Lastly, two natural language processing methods, topic modeling and sentiment analysis, were used. The first, through latent dirichlet allocation (LDA) [79], classifies text in a document to a particular topic. For each document d, it processes each word w and computes p (topic t|document d), i.e., the proportion of words in document d that are assigned to topic t. Then p (word w|topic t), i.e., the proportion of assignments to topic t over all documents that come from the word w. On the other hand, sentiment analysis mines the text to identify and extract subjective information related, for example, to positive or negative sentiments [80]. An approach is to use machine learning and different functions to construct a classifier that can recognize sentimental text. Another, which does not include data training, is lexicon based and uses a variety of terms annotated by the polarity score. Both approaches can be merged into a third hybrid approach. Though, in this research, the two methods LDA and sentiment analysis are used separately as valuable additions to each other.

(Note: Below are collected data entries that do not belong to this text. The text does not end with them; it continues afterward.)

lemma count_UHE_map_xi_step_zip:
  "length xs = length ys \<Longrightarrow>
   length (filter (\<lambda>s. s = U \<or> s = HE) (map xi_step (zip xs ys))) = count_list ys E"
proof (induction xs ys rule: list_induct2)
  case (Cons x xs y ys)
  then show ?case by (cases x; cases y) auto
qed simp

lemma butlast_zip: "length xs = length ys \<Longrightarrow> butlast (zip xs ys) = zip (butlast xs) (butlast ys)"
  by (induction xs ys rule: list_induct2) auto

text \<open>The last hypothesis makes \<open>\<Phi> c\<close> a pair of paths ending at \<open>(m + 1, n)\<close>; it holds
  for recurrent configurations (lemma \<open>sorted_recurrent_imp_path_config\<close>).\<close>

locale path_config = sorted_stable_config +
  assumes last_bottom: "last (snd c) = m"
begin

abbreviation upper_walk :: "lstep list" where
  "upper_walk \<equiv> walk N E top_stack"

abbreviation lower_walk :: "lstep list" where
  "lower_walk \<equiv> walk E N (snd c)"

lemma bottom_ne: "snd c \<noteq> []"
  using length_config n_pos by auto

lemma length_upper_walk: "length upper_walk = m + n"
  using length_walk[OF _ sorted_top_stack] length_config n_pos by simp

lemma length_lower_walk: "length lower_walk = m + n"
  using length_walk[OF _ sorted_bottom bottom_ne] length_config last_bottom by simp

lemma alg_eq_wc_snoc_D: "alg top_stack (snd c) = wc m n c @ [D]"
proof -
  have ne: "zip upper_walk lower_walk \<noteq> []"
    using length_upper_walk length_lower_walk n_pos by (auto simp: zip_eq_Nil_iff)
  have "last (zip upper_walk lower_walk) = (E, N)"
    using length_upper_walk length_lower_walk n_pos bottom_ne
    by (simp add: last_zip last_walk)
  then have "last (alg top_stack (snd c)) = D"
    unfolding alg_eq_map_xi_step_walks last_map[OF ne] by simp
  moreover have "alg top_stack (snd c) \<noteq> []"
    using ne unfolding alg_eq_map_xi_step_walks by simp
  then have "alg top_stack (snd c) = butlast (alg top_stack (snd c)) @ [last (alg top_stack (snd c))]"
    by simp
  ultimately show ?thesis
    unfolding wc_def fst_conv snd_conv by simp
qed

lemma wc_eq_map_xi_step: "wc m n c = map xi_step (zip (butlast upper_walk) (butlast lower_walk))"
proof -
  have "length upper_walk = length lower_walk"
    using length_upper_walk length_lower_walk by simp
  then show ?thesis
    unfolding wc_def alg_eq_map_xi_step_walks fst_conv snd_conv map_butlast[symmetric]
    by (simp only: butlast_zip)
qed

lemma length_wc: "length (wc m n c) = m + n - 1"
  using wc_eq_map_xi_step length_upper_walk length_lower_walk by simp

lemma height_wc: "height (wc m n c) = 0"
proof -
  have "height (alg top_stack (snd c)) = -1"
    using height_map_xi_step_zip[of upper_walk lower_walk] length_upper_walk length_lower_walk
      count_walk_a[OF _ sorted_top_stack] count_walk_b[of E N "snd c"] length_config n_pos
    by (simp add: alg_eq_map_xi_step_walks)
  then show ?thesis
    using alg_eq_wc_snoc_D by simp
qed

lemma wc_eq_Xi_Phi: "wc m n c = Xi (Phi m n c)"
proof -
  have "map Suc (fst c) @ [n] = map Suc top_stack"
    using n_pos by simp
  then have "upper_path n (fst c) = N # upper_walk"
    unfolding upper_path_def using path_at_0_eq_walk[OF sorted_top_stack, of N E n] n_pos by simp
  moreover have "lower_path m (snd c) = E # lower_walk"
    unfolding lower_path_def using path_at_0_eq_walk[OF sorted_bottom bottom_ne, of E N "m + 1"]
      last_bottom by simp
  ultimately show ?thesis
    unfolding Xi_def Phi_def wc_eq_map_xi_step by simp
qed

lemma level_eq_Area: "of_int (level m n c) = Area (wc m n c)"
proof -
  have "double_area_from 0 (alg top_stack (snd c)) = area_potential 0 top_stack (snd c)"
    using double_area_alg[OF sorted_top_stack sorted_bottom] length_upper_walk length_lower_walk
      count_walk_a[OF _ sorted_top_stack] count_walk_b[of E N "snd c"] length_config n_pos
    by simp
  also have "\<dots> = 2 * level m n c - 1"
    using length_config n_pos by (simp add: area_potential_def level_def algebra_simps of_nat_diff)
  finally have "double_area_from 0 (wc m n c) = 2 * level m n c"
    using alg_eq_wc_snoc_D double_area_from_snoc[of 0 "wc m n c" D] height_wc by simp
  then show ?thesis
    using Area_eq_double_area_from[of "wc m n c"] by simp
qed
(* Fix an integer $k\ge -1$. For every $g\ge 4k+3$, \[\#\{S\in\mathcal{S}_g\mid m(S)=g-k\}=\sum_{\overline{x}\in\mathcal{Y}(k)}\binom{g-3k-2}{k+1-a(\overline{x})-2b(\overline{x})}.\]
   Context: A numerical semigroup $S$ is a submonoid of $\mathbb{N}_0$ with finite complement; its genus is the size of the complement and $m(S)$ is its smallest nonzero element. $\mathcal{S}_g$ is the set of numerical semigroups of genus $g$. For $\overline{x}=(x_1,\ldots,x_t)\in\{1,2,3\}^t$ let $a(\overline{x})=\#\{i: x_i=2\}$ and $b(\overline{x})=\#\{i: x_i=3\}$. For an integer $k\ge 0$, $\mathcal{Y}(k)$ is the set of tuples $\overline{x}=(x_1,\ldots,x_{2k+1})\in\{1,2,3\}^{2k+1}$ such that (i) whenever $i_1,i_2,i_3\in[1,2k+1]$ satisfy $i_1+i_2=i_3$, $(x_{i_1},x_{i_2},x_{i_3})\ne(1,1,3)$, and (ii) $a(\overline{x})+2b(\overline{x})\le k+1$; and $\mathcal{Y}(-1)=\{\emptyset\}$ consists of the empty tuple (with $a=b=0$). *)

theory Defs
  imports Main
begin

definition numerical_semigroup :: "nat set \<Rightarrow> bool" where
  "numerical_semigroup S \<longleftrightarrow>
     0 \<in> S \<and> (\<forall>x\<in>S. \<forall>y\<in>S. x + y \<in> S) \<and> finite (UNIV - S)"

definition genus :: "nat set \<Rightarrow> nat" where
  "genus S = card (UNIV - S)"

definition multiplicity_ns :: "nat set \<Rightarrow> nat" where
  "multiplicity_ns S = (LEAST x. x \<in> S \<and> x \<noteq> 0)"

definition semigroups_of_genus :: "nat \<Rightarrow> nat set set" where
  "semigroups_of_genus g = {S. numerical_semigroup S \<and> genus S = g}"

text \<open>Tuples are lists; the paper's entry x_i (1-based) is xs ! (i - 1).\<close>
definition a_cnt :: "nat list \<Rightarrow> nat" where
  "a_cnt xs = length (filter (\<lambda>x. x = 2) xs)"

definition b_cnt :: "nat list \<Rightarrow> nat" where
  "b_cnt xs = length (filter (\<lambda>x. x = 3) xs)"

definition Y_set :: "int \<Rightarrow> nat list set" where
  "Y_set k = (if k = -1 then {[]} else
     {xs. int (length xs) = 2 * k + 1 \<and> set xs \<subseteq> {1, 2, 3} \<and>
          (\<forall>i1\<in>{1..length xs}. \<forall>i2\<in>{1..length xs}. \<forall>i3\<in>{1..length xs}.
             i1 + i2 = i3 \<longrightarrow> (xs ! (i1 - 1), xs ! (i2 - 1), xs ! (i3 - 1)) \<noteq> (1, 1, 3)) \<and>
          int (a_cnt xs + 2 * b_cnt xs) \<le> k + 1})"
lemma rho_perm_append: "rho_perm n (qs @ qs') = rho_perm n qs \<circ> rho_perm n qs'"
  using rs_perm_comp[of n "rho_perm n qs" id "rho_word True qs'"]
  by (simp add: rho_perm_def rs_perm_append)

lemma range_perm_rho_perm: "range_perm n (rho_perm n qs)"
  unfolding rho_perm_def by (rule range_perm_rs_perm[OF range_perm_id])

lemma valid_rhos_Nil [simp]: "valid_rhos n []"
  by (simp add: valid_rhos_def)

lemma valid_rhos_Cons: "valid_rhos n (q # qs) = (1 \<le> q \<and> q \<le> n - 1 \<and> valid_rhos n qs)"
  by (auto simp: valid_rhos_def)

lemma valid_rhos_append: "valid_rhos n (qs @ qs') = (valid_rhos n qs \<and> valid_rhos n qs')"
  by (auto simp: valid_rhos_def)

lemma valid_rhos_rev: "valid_rhos n (rev qs) = valid_rhos n qs"
  by (auto simp: valid_rhos_def)

lemma rho_word_rev_cancel:
  "valid_rhos n qs \<Longrightarrow> tvb_eq n (rho_word True qs @ rho_word True (rev qs)) []"
proof (induction qs)
  case Nil then show ?case by (simp add: rho_word_def pres_eq.refl)
next
  case (Cons q qs)
  then have v: "1 \<le> q" "q \<le> n - 1" "valid_rhos n qs" by (auto simp: valid_rhos_Cons)
  have "tvb_eq n (rho_word True (q # qs) @ rho_word True (rev (q # qs))) ([r q] @ [] @ [r q])"
    by (rule pres_eq_rewrite[OF Cons.IH[OF v(3)]]) (simp add: rho_word_def)
  also have "tvb_eq n \<dots> []" using tvb_rho_sq[OF v(1,2)] by simp
  finally show ?case .
qed

lemma rev_rho_word_cancel:
  "valid_rhos n qs \<Longrightarrow> tvb_eq n (rho_word True (rev qs) @ rho_word True qs) []"
  using rho_word_rev_cancel[of n "rev qs"] by (simp add: valid_rhos_rev)

lemma rho_word_False_eq: "valid_rhos n qs \<Longrightarrow> tvb_eq n (rho_word False qs) (rho_word True qs)"
proof (induction qs)
  case Nil then show ?case by (simp add: rho_word_def pres_eq.refl)
next
  case (Cons q qs)
  then have v: "1 \<le> q" "q \<le> n - 1" "valid_rhos n qs" by (auto simp: valid_rhos_Cons)
  show ?case using pres_eq_append[OF tvb_rho_inv[OF v(1,2)] Cons.IH[OF v(3)]]
    by (simp add: rho_word_def)
qed

lemma rho_word_conj_xword:
  assumes "valid_rhos n qs" "1 \<le> k" "k \<le> n" "1 \<le> l" "l \<le> n" "k \<noteq> l"
  shows "tvb_eq n (rho_word True qs @ xword k l @ rho_word True (rev qs))
                  (xword (rho_perm n qs k) (rho_perm n qs l))"
  using assms(1)
proof (induction qs)
  case (Cons q qs)
  then have q: "1 \<le> q" "q \<le> n - 1" and qs: "valid_rhos n qs" by (auto simp: valid_rhos_Cons)
  let ?p = "rho_perm n qs"
  have "1 \<le> ?p k" "?p k \<le> n" "1 \<le> ?p l" "?p l \<le> n" "?p k \<noteq> ?p l"
    using range_perm_inrange[OF range_perm_rho_perm[of n qs]]
      range_perm_neq[OF range_perm_rho_perm[of n qs]]
      assms(2-) by (auto simp: inrange_def)
  note conj = rho_conj_xword[OF q this]
  have "tvb_eq n (rho_word True (q # qs) @ xword k l @ rho_word True (rev (q # qs)))
     ([r q] @ xword (?p k) (?p l) @ [r q])"
    by (rule pres_eq_rewrite[OF Cons.IH[OF qs]]) simp
  also have "tvb_eq n \<dots> (xword (rho_perm n (q # qs) k) (rho_perm n (q # qs) l))"
    using conj by (simp add: rho_perm_Cons[OF q])
  finally show ?case .
qed (simp add: rho_perm_Nil pres_eq.refl)

lemma rho_word_conj_gam:
  assumes "valid_rhos n qs" "1 \<le> j" "j \<le> n"
  shows "tvb_eq n (rho_word True qs @ [g j] @ rho_word True (rev qs)) [g (rho_perm n qs j)]"
  using assms(1)
proof (induction qs)
  case (Cons q qs)
  then have q: "1 \<le> q" "q \<le> n - 1" and qs: "valid_rhos n qs" by (auto simp: valid_rhos_Cons)
  have "1 \<le> rho_perm n qs j" "rho_perm n qs j \<le> n"
    using range_perm_inrange[OF range_perm_rho_perm[of n qs]] assms(2,3) by (auto simp: inrange_def)
  note conj = rho_conj_gam[OF q this]
  have "tvb_eq n (rho_word True (q # qs) @ [g j] @ rho_word True (rev (q # qs)))
     ([r q] @ [g (rho_perm n qs j)] @ [r q])"
    by (rule pres_eq_rewrite[OF Cons.IH[OF qs]]) simp
  also have "tvb_eq n \<dots> [g (rho_perm n (q # qs) j)]"
    using conj by (simp add: rho_perm_Cons[OF q])
  finally show ?case .
qed (simp add: rho_perm_Nil pres_eq.refl)

lemma rho_word_conj_tvh_img:
  assumes "valid_rhos n qs" "tvh_valid_gen n y"
  shows "tvb_eq n (rho_word True qs @ tvh_img y @ rho_word True (rev qs))
                  (tvh_img (relabel_gen (rho_perm n qs) y))"
proof (cases y)
  case (X k l)
  then show ?thesis using assms rho_word_conj_xword[OF assms(1), of k l]
    by (simp add: tvh_valid_gen_def tvh_img_def)
next
  case (G j)
  then show ?thesis using assms rho_word_conj_gam[OF assms(1), of j]
    by (simp add: tvh_valid_gen_def tvh_img_def)
qed

lemma rho_word_conj_gen_img:
  assumes "valid_rhos n qs" "tvh_valid_gen n y"
  shows "tvb_eq n (rho_word True qs @ gen_img b y @ rho_word True (rev qs))
                  (gen_img b (relabel_gen (rho_perm n qs) y))"
proof (cases b)
  case True
  then show ?thesis using rho_word_conj_tvh_img[OF assms] by (simp add: gen_img_def)
next
  case False
  have "tvb_eq n (rho_word True qs @ inv_word (tvh_img y) @ rho_word True (rev qs))
             (rho_word False qs @ inv_word (tvh_img y) @ rho_word False (rev qs))"
    using assms(1)
    by (intro pres_eq_append[OF pres_eq.sym[OF rho_word_False_eq]
          pres_eq_append[OF pres_eq.refl pres_eq.sym[OF rho_word_False_eq]]])
      (simp_all add: valid_rhos_rev)
  also have "rho_word False qs @ inv_word (tvh_img y) @ rho_word False (rev qs) =
     inv_word (rho_word True qs @ tvh_img y @ rho_word True (rev qs))"
    by (simp add: inv_word_append inv_word_rho_word inv_word_rev_rho_word rev_rho_word)
  also have "tvb_eq n \<dots> (inv_word (tvh_img (relabel_gen (rho_perm n qs) y)))"
    by (rule pres_eq_inv_word, rule rho_word_conj_tvh_img[OF assms])
  finally show ?thesis using False by (simp add: gen_img_def)
qed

4. Porto’s Crime Pattern between 2016 and 2018

4.1. Statistical Pattern

Between 2016 and 2018, official police records contain a little over 42 thousand entries, of which around 1600 (3.8%) cannot be georeferenced at street level, due to lack of information in the registry or in the case of a crime where the victim is unable to know the exact location (e.g., a wallet theft). The total amount of registered crimes has been slightly augmenting, from around 13 thousand in 2016, to 14 thousand in 2017 and to around 14,500 in 2018. Consistent with national tendencies reported elsewhere [27], in Porto the most common types of crime are crimes against heritage/property (64%; including as the main subcategories auto theft and wallet theft) and crimes against people (18%; including offense against physical integrity, domestic violence or threats and coercion). These are followed by crimes against life in society (as drunk driving or gun trafficking) and miscellaneous crimes (as drug trafficking or driving without a license); with around 8% each. Other types of crimes, against cultural identity, against pets or against the state, account for less than 2%.
During the day (Figure 1a), crime occurrences gradually increase from 8 a.m. onward, peaking between 6 p.m. and 8 p.m., then gradually decreasing again, which indicates that the evenings are more crime-prone than any other time of the day. During the year (Figure 1b), the number of overall registered crimes per month is relatively steady (between 3200 and 3700), with the highest numbers occurring between May and September, something which corresponds to previous country assessments [31]. The days with the least reported crimes are associated to Christmas and New Year festivities (20, 25 and 31 December and 2 January), while the largest number of reported crimes are associated to other holidays: 24 June, the day of Porto’s municipal holiday (celebrated on the night of the 23) or 1 November, a religious holiday.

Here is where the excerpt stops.